In this project I explore, segment, and cluster the neighborhoods in the city of Toronto. The neighborhood data though is not readily available on the internet.

For the Toronto neighborhood data, a Wikipedia page: https://en.wikipedia.org/wiki/List_of_postal_codes_of_Canada:_M exists that has all the information we need to explore and cluster the neighborhoods in Toronto. We will have to scrape the Wikipedia page and wrangle the data, clean it, and then read it into a pandas dataframe so that it is in a structured format.

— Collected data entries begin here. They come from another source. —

lemma log_moment_primitive_deriv:
  "s > 0 \<Longrightarrow> (log_moment_primitive j n has_real_derivative s ^ j * (- ln s) ^ n) (at s)"
proof (induction n)
  case 0
  have "((\<lambda>s::real. s ^ Suc j) has_real_derivative real (Suc j) * s ^ j) (at s)"
    using DERIV_pow[of "Suc j" s UNIV] by simp
  from DERIV_cdivide[OF this, of "real (Suc j)"] show ?case by simp
next
  case (Suc n)
  have "((\<lambda>s. s ^ Suc j * (- ln s) ^ Suc n / real (Suc j)) has_real_derivative
        (real (Suc j) * s ^ j * (- ln s) ^ Suc n +
         s ^ Suc j * (real (Suc n) * (- ln s) ^ n * (- (1 / s)))) / real (Suc j)) (at s)"
    using Suc.prems DERIV_pow[of "Suc j" s]
    by (auto intro!: derivative_eq_intros simp del: power_Suc of_nat_Suc)
  moreover have "(real (Suc j) * s ^ j * (- ln s) ^ Suc n +
       s ^ Suc j * (real (Suc n) * (- ln s) ^ n * (- (1 / s)))) / real (Suc j) =
     s ^ j * (- ln s) ^ Suc n - real (Suc n) / real (Suc j) * (s ^ j * (- ln s) ^ n)"
    using Suc.prems by (simp add: field_simps del: of_nat_Suc)
  ultimately have "((\<lambda>s. s ^ Suc j * (- ln s) ^ Suc n / real (Suc j)) has_real_derivative
        s ^ j * (- ln s) ^ Suc n - real (Suc n) / real (Suc j) * (s ^ j * (- ln s) ^ n)) (at s)"
    by simp
  from DERIV_add[OF this DERIV_cmult[OF Suc.IH[OF Suc.prems], of "real (Suc n) / real (Suc j)"]]
  show ?case by (simp add: algebra_simps)
qed

lemma log_moment_primitive_at_right_0: "(log_moment_primitive j n \<longlongrightarrow> 0) (at_right 0)"
proof (induction n)
  case 0
  have "((\<lambda>s::real. s ^ Suc j / real (Suc j)) \<longlongrightarrow> 0 ^ Suc j / real (Suc j)) (at_right 0)"
    by (intro tendsto_intros) simp
  then show ?case by simp
next
  case (Suc n)
  have "((\<lambda>s. s ^ Suc j * (- ln s) ^ Suc n * (1 / real (Suc j)) +
      real (Suc n) / real (Suc j) * log_moment_primitive j n s) \<longlongrightarrow> 0 + 0) (at_right 0)"
    by (intro tendsto_add tendsto_mult_left_zero tendsto_mult_right_zero Suc.IH
        tendsto_power_mult_neg_ln_power_at_right_0)
  then show ?case by simp
qed

lemma log_moment_primitive_1: "log_moment_primitive j n 1 = fact n / real (Suc j) ^ Suc n"
  by (induction n) (auto simp: field_simps)

lemma log_moment_integral:
  shows "set_integrable lborel {0<..<1::real} (\<lambda>s. s ^ j * (- ln s) ^ n)"
    and "(LINT s:{0<..<1}|lborel. s ^ j * (- ln s) ^ n) = fact n / real (Suc j) ^ Suc n"
proof -
  have e: "einterval 0 1 = {0<..<1::real}" by (auto simp: einterval_def)
  have A: "((log_moment_primitive j n \<circ> real_of_ereal) \<longlongrightarrow> 0) (at_right 0)"
    unfolding zero_ereal_def ereal_tendsto_simps by (rule log_moment_primitive_at_right_0)
  have "isCont (log_moment_primitive j n) 1"
    using log_moment_primitive_deriv[of 1 j n] by (auto intro: DERIV_isCont)
  then have B: "((log_moment_primitive j n \<circ> real_of_ereal) \<longlongrightarrow> log_moment_primitive j n 1) (at_left 1)"
    unfolding one_ereal_def ereal_tendsto_simps by (simp add: isCont_def filterlim_at_split)
  have "0 < (1::ereal)" by simp
  note FTC = interval_integral_FTC_nonneg[OF this _ _ _ A B, of "\<lambda>s. s ^ j * (- ln s) ^ n"]
  have F: "\<And>x. 0 < ereal x \<Longrightarrow> ereal x < 1 \<Longrightarrow>
      (log_moment_primitive j n has_real_derivative x ^ j * (- ln x) ^ n) (at x)"
    by (rule log_moment_primitive_deriv) simp
  have C: "\<And>x. 0 < ereal x \<Longrightarrow> ereal x < 1 \<Longrightarrow> isCont (\<lambda>s. s ^ j * (- ln s) ^ n) x"
    by (auto intro!: continuous_intros)
  have N: "AE x in lborel. 0 < ereal x \<longrightarrow> ereal x < 1 \<longrightarrow> 0 \<le> x ^ j * (- ln x) ^ n"
    by (auto intro!: mult_nonneg_nonneg zero_le_power simp: ln_less_zero_iff less_imp_le)
  show "set_integrable lborel {0<..<1::real} (\<lambda>s. s ^ j * (- ln s) ^ n)"
    using FTC(1)[OF F C N] e by simp
  have "(LBINT s=0..1. s ^ j * (- ln s) ^ n) = log_moment_primitive j n 1" using FTC(2)[OF F C N] by simp
  then show "(LINT s:{0<..<1}|lborel. s ^ j * (- ln s) ^ n) = fact n / real (Suc j) ^ Suc n"
    by (simp add: interval_lebesgue_integral_def e log_moment_primitive_1 zero_ereal_def[symmetric])
qed

section \<open>An alternating binomial sum\<close>

definition alt_binom_sum :: "nat \<Rightarrow> nat \<Rightarrow> real" where
  "alt_binom_sum K q = (\<Sum>i<K. real (K choose Suc i) * (-1) ^ i / real (Suc i) ^ q)"

lemma alt_binom_sum_Suc_absorb:
  "(\<Sum>i<Suc K. real (K choose i) * (-1) ^ i / real (Suc i) ^ Suc q) = alt_binom_sum (Suc K) q / real (Suc K)"
  unfolding alt_binom_sum_def sum_divide_distrib
proof (intro sum.cong refl)
  fix i
  have "real (Suc i) * real (Suc K choose Suc i) = real (Suc K) * real (K choose i)"
    using Suc_times_binomial[of i K] by (metis of_nat_mult)
  then show "real (K choose i) * (-1) ^ i / real (Suc i) ^ Suc q =
      real (Suc K choose Suc i) * (-1) ^ i / real (Suc i) ^ q / real (Suc K)"
    by (simp add: field_simps del: binomial_Suc_Suc of_nat_Suc)
qed

lemma alt_binom_sum_Suc_Suc:
  "alt_binom_sum (Suc K) (Suc q) = alt_binom_sum K (Suc q) + alt_binom_sum (Suc K) q / real (Suc K)"
proof -
  have "alt_binom_sum (Suc K) (Suc q) =
      (\<Sum>i<Suc K. real (K choose i) * (-1) ^ i / real (Suc i) ^ Suc q) +
      (\<Sum>i<Suc K. real (K choose Suc i) * (-1) ^ i / real (Suc i) ^ Suc q)"
    unfolding alt_binom_sum_def sum.distrib[symmetric]
    by (intro sum.cong refl) (simp add: add_divide_distrib distrib_right del: of_nat_Suc)
  also have "(\<Sum>i<Suc K. real (K choose Suc i) * (-1) ^ i / real (Suc i) ^ Suc q) = alt_binom_sum K (Suc q)"
    by (simp add: alt_binom_sum_def)
  finally show ?thesis using alt_binom_sum_Suc_absorb[of K q] by simp
qed

lemma alt_binom_sum_0: "K \<ge> 1 \<Longrightarrow> alt_binom_sum K 0 = 1"
proof -
  assume "K \<ge> 1"
  then obtain K' where K: "K = Suc K'" by (metis Suc_le_D One_nat_def)
  have "(\<Sum>i\<le>Suc K'. (-1) ^ i * real (Suc K' choose i)) = 0"
    by (rule choose_alternating_sum) simp
  then have "(\<Sum>i\<le>K'. (-1) ^ i * real (Suc K' choose Suc i)) = 1"
    by (simp only: sum.atMost_Suc_shift) (simp add: sum_negf)
  then show ?thesis unfolding alt_binom_sum_def K by (simp add: lessThan_Suc_atMost mult.commute)
qed

lemma alt_binom_sum_eq_hsym_harm: "K \<ge> 1 \<or> q \<ge> 1 \<Longrightarrow> alt_binom_sum K q = hsym_harm q K"
proof (induction q arbitrary: K)
  case 0
  then show ?case by (simp add: alt_binom_sum_0)
next
  case (Suc q)
  note outer_IH = Suc.IH
  show ?case
  proof (induction K)
    case 0
    then show ?case by (simp add: alt_binom_sum_def)
  next
    case (Suc K)
    then show ?case
      using outer_IH[of "Suc K"] by (simp add: alt_binom_sum_Suc_Suc hsym_harm_Suc_Suc del: of_nat_Suc)
  qed
qed

text \<open>Expanding \<open>(1 - s)\<^sup>K\<close> binomially reduces this to logarithmic moments.\<close>

lemma integral_one_minus_power_neg_ln_power:
  shows "set_integrable lborel {0<..<1::real} (\<lambda>s. (1 - s) ^ K * (- ln s) ^ q)"
    and "(LINT s:{0<..<1}|lborel. (1 - s) ^ K * (- ln s) ^ q) = fact q * hsym_harm q (Suc K) / real (Suc K)"
proof -
  let ?A = "{0<..<1::real}"
  let ?c = "\<lambda>i. real (K choose i) * (-1) ^ i"
  let ?g = "\<lambda>i s. indicator ?A s *\<^sub>R (s ^ i * (- ln s) ^ q)"
  have int_i: "integrable lborel (?g i)" for i
    using log_moment_integral(1)[of i q] by (simp add: set_integrable_def)
  have "(1 - s) ^ K = (\<Sum>i\<le>K. ?c i * s ^ i)" for s :: real
    using binomial_ring[of "- s" 1 K] by (simp add: power_minus[of s] mult.assoc)
  then have eq: "(\<lambda>s. indicator ?A s *\<^sub>R ((1 - s) ^ K * (- ln s) ^ q)) = (\<lambda>s. \<Sum>i\<le>K. ?c i * ?g i s)"
    by (simp add: sum_distrib_left sum_distrib_right mult_ac)
  show "set_integrable lborel ?A (\<lambda>s. (1 - s) ^ K * (- ln s) ^ q)"
    unfolding set_integrable_def eq using int_i by auto
  have "(LINT s:?A|lborel. (1 - s) ^ K * (- ln s) ^ q) = (\<Sum>i\<le>K. ?c i * (fact q / real (Suc i) ^ Suc q))"
    unfolding set_lebesgue_integral_def eq using int_i log_moment_integral(2)
    by (simp add: set_lebesgue_integral_def)
  also have "\<dots> = fact q * (\<Sum>i<Suc K. real (K choose i) * (-1) ^ i / real (Suc i) ^ Suc q)"
    by (simp add: sum_distrib_left lessThan_Suc_atMost field_simps del: of_nat_Suc)
  also have "\<dots> = fact q * hsym_harm q (Suc K) / real (Suc K)"
    using alt_binom_sum_Suc_absorb[of K q] alt_binom_sum_eq_hsym_harm[of "Suc K" q] by simp
  finally show "(LINT s:?A|lborel. (1 - s) ^ K * (- ln s) ^ q) = fact q * hsym_harm q (Suc K) / real (Suc K)" .
qed

section \<open>The generating function of the elementary symmetric sums\<close>

lemma esym_harm_Suc_eq_sum: "esym_harm (Suc p) (Suc K) = (\<Sum>N\<le>K. esym_harm p N / real N)"
  by (induction K) (simp_all add: esym_harm_Suc_le_1 esym_harm_Suc_Suc)

lemma summable_esym_harm_div_powser:
  assumes "summable (\<lambda>K. esym_harm p (Suc K) * R ^ K)" "0 \<le> R"
  shows "summable (\<lambda>N. esym_harm p N / real N * R ^ N)"
proof -
  have "summable (\<lambda>M. R * (esym_harm p (Suc M) * R ^ M))"
    using assms(1) by (rule summable_mult)
  then have "summable (\<lambda>M. esym_harm p (Suc M) / real (Suc M) * R ^ Suc M)"
  proof (rule summable_comparison_test'[where N = 0])
    fix M :: nat
    have "esym_harm p (Suc M) / real (Suc M) \<le> esym_harm p (Suc M) / 1"
      by (intro divide_left_mono) (auto simp: esym_harm_nonneg)
    then have "esym_harm p (Suc M) / real (Suc M) * (R * R ^ M) \<le> esym_harm p (Suc M) * (R * R ^ M)"
      using assms(2) by (intro mult_right_mono) auto
    then show "norm (esym_harm p (Suc M) / real (Suc M) * R ^ Suc M) \<le> R * (esym_harm p (Suc M) * R ^ M)"
      using assms(2) esym_harm_nonneg[of p "Suc M"] by (simp add: mult_ac)
  qed
  then show ?thesis using summable_Suc_iff[of "\<lambda>N. esym_harm p N / real N * R ^ N"] by simp
qed

text \<open>If \<open>\<Sum>\<^sub>K e\<^sub>p(K+1) x\<^sup>K = (- ln (1 - x))\<^sup>p / (p! (1 - x))\<close>, then the series below has this
  derivative, as has \<open>(- ln (1 - x))\<^bsup>p+1\<^esup> / (p+1)!\<close>, and both vanish at \<open>0\<close>.\<close>

lemma esym_harm_div_sums:
  assumes IH: "\<And>x. 0 \<le> x \<Longrightarrow> x < 1 \<Longrightarrow>
      (\<lambda>K. esym_harm p (Suc K) * x ^ K) sums ((- ln (1 - x)) ^ p / (fact p * (1 - x)))"
    and x: "0 \<le> x" "x < 1"
  shows "(\<lambda>N. esym_harm p N / real N * x ^ N) sums ((- ln (1 - x)) ^ Suc p / fact (Suc p))"
proof -
  define c where "c N = esym_harm p N / real N" for N
  define \<Phi> where "\<Phi> x = (- ln (1 - x)) ^ Suc p / fact (Suc p)" for x :: real
  define G where "G x = (\<Sum>N. c N * x ^ N)" for x :: real
  have summ: "summable (\<lambda>N. c N * R ^ N)" if "0 \<le> R" "R < 1" for R
    unfolding c_def using IH[OF that] that(1)
    by (intro summable_esym_harm_div_powser) (simp_all add: sums_iff)
  have dG: "(G has_real_derivative (- ln (1 - y)) ^ p / (fact p * (1 - y))) (at y)" if y: "0 \<le> y" "y < 1" for y
  proof -
    define R where "R = (1 + y) / 2"
    have R: "0 \<le> R" "R < 1" "norm y < norm R" using y by (auto simp: R_def)
    have "(G has_real_derivative (\<Sum>N. diffs c N * y ^ N)) (at y)"
      unfolding G_def by (rule termdiffs_strong[OF summ[OF R(1,2)] R(3)])
    moreover have "diffs c N = esym_harm p (Suc N)" for N
      by (simp add: diffs_def c_def)
    ultimately show ?thesis using IH[OF y] by (simp add: sums_iff)
  qed
  have dPhi: "(\<Phi> has_real_derivative (- ln (1 - y)) ^ p / (fact p * (1 - y))) (at y)" if y: "y < 1" for y
  proof -
    have "((\<lambda>y. - ln (1 - y)) has_real_derivative 1 / (1 - y)) (at y)"
      using y by (auto intro!: derivative_eq_intros simp: field_simps)
    then have "(\<Phi> has_real_derivative
        real (Suc p) * (1 / (1 - y) * (- ln (1 - y)) ^ (Suc p - Suc 0)) / fact (Suc p)) (at y)"
      unfolding \<Phi>_def by (intro DERIV_cdivide DERIV_power)
    moreover have "real (Suc p) * (1 / (1 - y) * (- ln (1 - y)) ^ (Suc p - Suc 0)) / fact (Suc p) =
        (- ln (1 - y)) ^ p / (fact p * (1 - y))"
      by (simp add: fact_Suc del: of_nat_Suc)
    ultimately show ?thesis by (simp only:)
  qed
  have "\<exists>d. \<forall>y\<in>{0..<1}. (\<lambda>y. G y - \<Phi> y) y = d"
  proof (rule has_field_derivative_zero_constant)
    fix y :: real assume "y \<in> {0..<1}"
    then show "((\<lambda>y. G y - \<Phi> y) has_real_derivative 0) (at y within {0..<1})"
      using DERIV_diff[OF dG dPhi, of y] by (auto intro: has_field_derivative_at_within)
  qed (rule convex_real_interval)
  then obtain d where d: "\<And>y. y \<in> {0..<1} \<Longrightarrow> G y - \<Phi> y = d" by blast
  have "G 0 = c 0" unfolding G_def by (rule powser_zero)
  then have "G 0 = 0" by (simp add: c_def)
  moreover have "\<Phi> 0 = 0" by (simp add: \<Phi>_def)
  ultimately have "G x = \<Phi> x" using d[of 0] d[of x] x by simp
  then show ?thesis
    using summ[OF x] by (simp add: G_def \<Phi>_def c_def sums_iff)
qed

Once the data is in a structured format, we can start the analysis to explore and cluster the neighborhoods in the city of Toronto.

### Importing Libraries

In [48]:
import numpy as np

import pandas as pd # library for data analsysis
pd.set_option('display.max_columns', None)
pd.set_option('display.max_rows', None)

import json # library to handle JSON files

#!conda install -c conda-forge geopy --yes # uncomment this line if you haven't completed the Foursquare API lab
from geopy.geocoders import Nominatim # convert an address into latitude and longitude values

import requests # library to handle requests
from pandas.io.json import json_normalize # tranform JSON file into a pandas dataframe

# Matplotlib and associated plotting modules
import matplotlib.cm as cm
import matplotlib.colors as colors

# import k-means from clustering stage
from sklearn.cluster import KMeans

#!conda install -c conda-forge folium=0.5.0 --yes # uncomment this line if you haven't completed the Foursquare API lab
import folium # map rendering library

from bs4 import BeautifulSoup
import lxml

print('Libraries imported.')

Libraries imported.


### 1. Getting data and convert to dataframe

In [49]:
url = "https://en.wikipedia.org/wiki/List_of_postal_codes_of_Canada:_M"
result = requests.get(url)
soup = BeautifulSoup(result.content, 'html.parser')
wiki_table=soup.find('table',{'class':'wikitable sortable'})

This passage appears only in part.